>>>

lemma has_real_derivative_arcsin_affine:
  fixes a b x :: real
  assumes "a < x" "x < b"
  shows "((\<lambda>x. arcsin ((2 * x - a - b) / (b - a))) has_real_derivative 1 / sqrt ((x - a) * (b - x))) (at x)"
proof -
  define y s where "y = (2 * x - a - b) / (b - a)" and "s = sqrt ((x - a) * (b - x))"
  have s_pos: "0 < s" and s_sq: "s\<^sup>2 = (x - a) * (b - x)"
    using assms by (simp_all add: s_def)
  have sq: "1 - y\<^sup>2 = (2 * s / (b - a))\<^sup>2"
    using assms s_sq by (simp add: y_def power_divide field_simps) (simp add: power2_eq_square algebra_simps)
  then have root: "sqrt (1 - y\<^sup>2) = 2 * s / (b - a)"
    using s_pos assms by simp
  have "0 < (2 * s / (b - a))\<^sup>2" using s_pos assms by simp
  then have "y\<^sup>2 < 1" using sq by linarith
  then have y_bounds: "-1 < y" "y < 1" by (simp_all add: abs_square_less_1 abs_less_iff)
  have "((\<lambda>x. arcsin ((2 * x - a - b) / (b - a))) has_real_derivative
      inverse (sqrt (1 - y\<^sup>2)) * (2 / (b - a))) (at x)"
    unfolding y_def
    by (rule DERIV_chain2[OF DERIV_arcsin])
       (use y_bounds assms in \<open>auto simp: y_def intro!: derivative_eq_intros\<close>,
        simp add: divide_simps)
  moreover have "inverse (sqrt (1 - y\<^sup>2)) * (2 / (b - a)) = 1 / s"
    using root s_pos assms by (simp add: divide_simps)
  ultimately show ?thesis by (simp add: s_def)
qed

lemma has_real_derivative_arcsin_reciprocal:
  fixes a b p x :: real
  assumes "p < a" "a < x" "x < b"
  shows "((\<lambda>x. arcsin ((2 * (a - p) * (b - p) / (x - p) - (a + b - 2 * p)) / (b - a))) has_real_derivative
           - sqrt ((a - p) * (b - p)) / ((x - p) * sqrt ((x - a) * (b - x)))) (at x)"
proof -
  define y s q where "y = (2 * (a - p) * (b - p) / (x - p) - (a + b - 2 * p)) / (b - a)"
    and "s = sqrt ((x - a) * (b - x))" and "q = sqrt ((a - p) * (b - p))"
  have s_pos: "0 < s" and s_sq: "s\<^sup>2 = (x - a) * (b - x)"
    and q_pos: "0 < q" and q_sq: "q\<^sup>2 = (a - p) * (b - p)"
    using assms by (simp_all add: s_def q_def)
  have xp: "0 < x - p" "0 < b - a" using assms by auto
  have sq: "1 - y\<^sup>2 = (2 * q * s / ((x - p) * (b - a)))\<^sup>2"
  proof -
    define N D where "N = 2 * (a - p) * (b - p) - (a + b - 2 * p) * (x - p)" and "D = (x - p) * (b - a)"
    have D_nz: "D \<noteq> 0" using xp by (simp add: D_def)
    have y_eq: "y = N / D" using xp by (simp add: y_def N_def D_def field_simps)
    have "1 - y\<^sup>2 = (D\<^sup>2 - N\<^sup>2) / D\<^sup>2"
      unfolding y_eq using D_nz by (simp add: power_divide field_simps)
    also have "D\<^sup>2 - N\<^sup>2 = 4 * q\<^sup>2 * s\<^sup>2"
      unfolding q_sq s_sq N_def D_def by (simp add: power2_eq_square algebra_simps)
    finally show ?thesis by (simp add: D_def power_divide power_mult_distrib)
  qed
  then have root: "sqrt (1 - y\<^sup>2) = 2 * q * s / ((x - p) * (b - a))"
    using s_pos q_pos xp by simp
  have "0 < (2 * q * s / ((x - p) * (b - a)))\<^sup>2" using s_pos q_pos xp by simp
  then have "y\<^sup>2 < 1" using sq by linarith
  then have y_bounds: "-1 < y" "y < 1" by (simp_all add: abs_square_less_1 abs_less_iff)
  have "((\<lambda>x. arcsin ((2 * (a - p) * (b - p) / (x - p) - (a + b - 2 * p)) / (b - a))) has_real_derivative
      inverse (sqrt (1 - y\<^sup>2)) * ((- (2 * (a - p) * (b - p)) / (x - p)\<^sup>2) / (b - a))) (at x)"
    unfolding y_def
    by (rule DERIV_chain2[OF DERIV_arcsin])
       (use y_bounds xp in \<open>auto simp: y_def intro!: derivative_eq_intros\<close>,
        simp add: divide_simps power2_eq_square)
  moreover have "inverse (sqrt (1 - y\<^sup>2)) * ((- (2 * (a - p) * (b - p)) / (x - p)\<^sup>2) / (b - a))
      = - q / ((x - p) * s)"
  proof -
    have "2 * (a - p) * (b - p) = 2 * q\<^sup>2" using q_sq by simp
    then show ?thesis
      unfolding root using s_pos q_pos xp by (simp add: divide_simps power2_eq_square)
  qed
  ultimately show ?thesis by (simp add: s_def q_def)
qed

definition stieltjes_semicircle_primitive :: "real \<Rightarrow> real \<Rightarrow> real \<Rightarrow> real \<Rightarrow> real" where
  "stieltjes_semicircle_primitive a b p x =
     sqrt ((x - a) * (b - x)) + ((a + b) / 2 - p) * arcsin ((2 * x - a - b) / (b - a))
     + sqrt ((a - p) * (b - p)) * arcsin ((2 * (a - p) * (b - p) / (x - p) - (a + b - 2 * p)) / (b - a))"

lemma has_real_derivative_stieltjes_semicircle_primitive:
  fixes a b p x :: real
  assumes p: "p < a" and x: "a < x" "x < b"
  shows "(stieltjes_semicircle_primitive a b p has_real_derivative sqrt ((x - a) * (b - x)) / (x - p)) (at x)"
proof -
  define s q where "s = sqrt ((x - a) * (b - x))" and "q = sqrt ((a - p) * (b - p))"
  have "0 < (x - a) * (b - x)" using x by simp
  then have s_pos: "0 < s" and s_sq: "s\<^sup>2 = (x - a) * (b - x)" by (simp_all add: s_def)
  have q_sq: "q\<^sup>2 = (a - p) * (b - p)" using p x by (simp add: q_def)
  have "((\<lambda>x. sqrt ((x - a) * (b - x))) has_real_derivative (a + b - 2 * x) / (2 * s)) (at x)"
    using \<open>0 < (x - a) * (b - x)\<close> by (auto intro!: derivative_eq_intros simp: s_def divide_simps)
  then have "(stieltjes_semicircle_primitive a b p has_real_derivative
      (a + b - 2 * x) / (2 * s) + ((a + b) / 2 - p) * (1 / s) + q * (- q / ((x - p) * s))) (at x)"
    unfolding stieltjes_semicircle_primitive_def[abs_def] s_def q_def
    by (intro DERIV_add DERIV_cmult has_real_derivative_arcsin_affine
        has_real_derivative_arcsin_reciprocal x p)
  moreover have "(a + b - 2 * x) / (2 * s) + ((a + b) / 2 - p) * (1 / s) + q * (- q / ((x - p) * s))
      = s / (x - p)"
  proof -
    have nz: "x - p \<noteq> 0" "s \<noteq> 0" using x p s_pos by auto
    have "(a + b - 2 * x) / (2 * s) + ((a + b) / 2 - p) * (1 / s) + q * (- q / ((x - p) * s))
        = ((a + b - 2 * x) * (x - p) + (a + b - 2 * p) * (x - p) - 2 * q\<^sup>2) / (2 * s * (x - p))"
      using nz by (simp add: field_simps power2_eq_square)
    also have "(a + b - 2 * x) * (x - p) + (a + b - 2 * p) * (x - p) - 2 * q\<^sup>2 = 2 * s\<^sup>2"
      unfolding q_sq s_sq by (simp add: algebra_simps)
    finally show ?thesis using nz by (simp add: power2_eq_square)
  qed
  ultimately show ?thesis by (simp add: s_def)
qed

<<<

[Task details]
Write out every line of the data that holds the word "auto".

[Answer for this exercise]
       (use y_bounds assms in \<open>auto simp: y_def intro!: derivative_eq_intros\<close>,
  have xp: "0 < x - p" "0 < b - a" using assms by auto
       (use y_bounds xp in \<open>auto simp: y_def intro!: derivative_eq_intros\<close>,
    using \<open>0 < (x - a) * (b - x)\<close> by (auto intro!: derivative_eq_intros simp: s_def divide_simps)
    have nz: "x - p \<noteq> 0" "s \<noteq> 0" using x p s_pos by auto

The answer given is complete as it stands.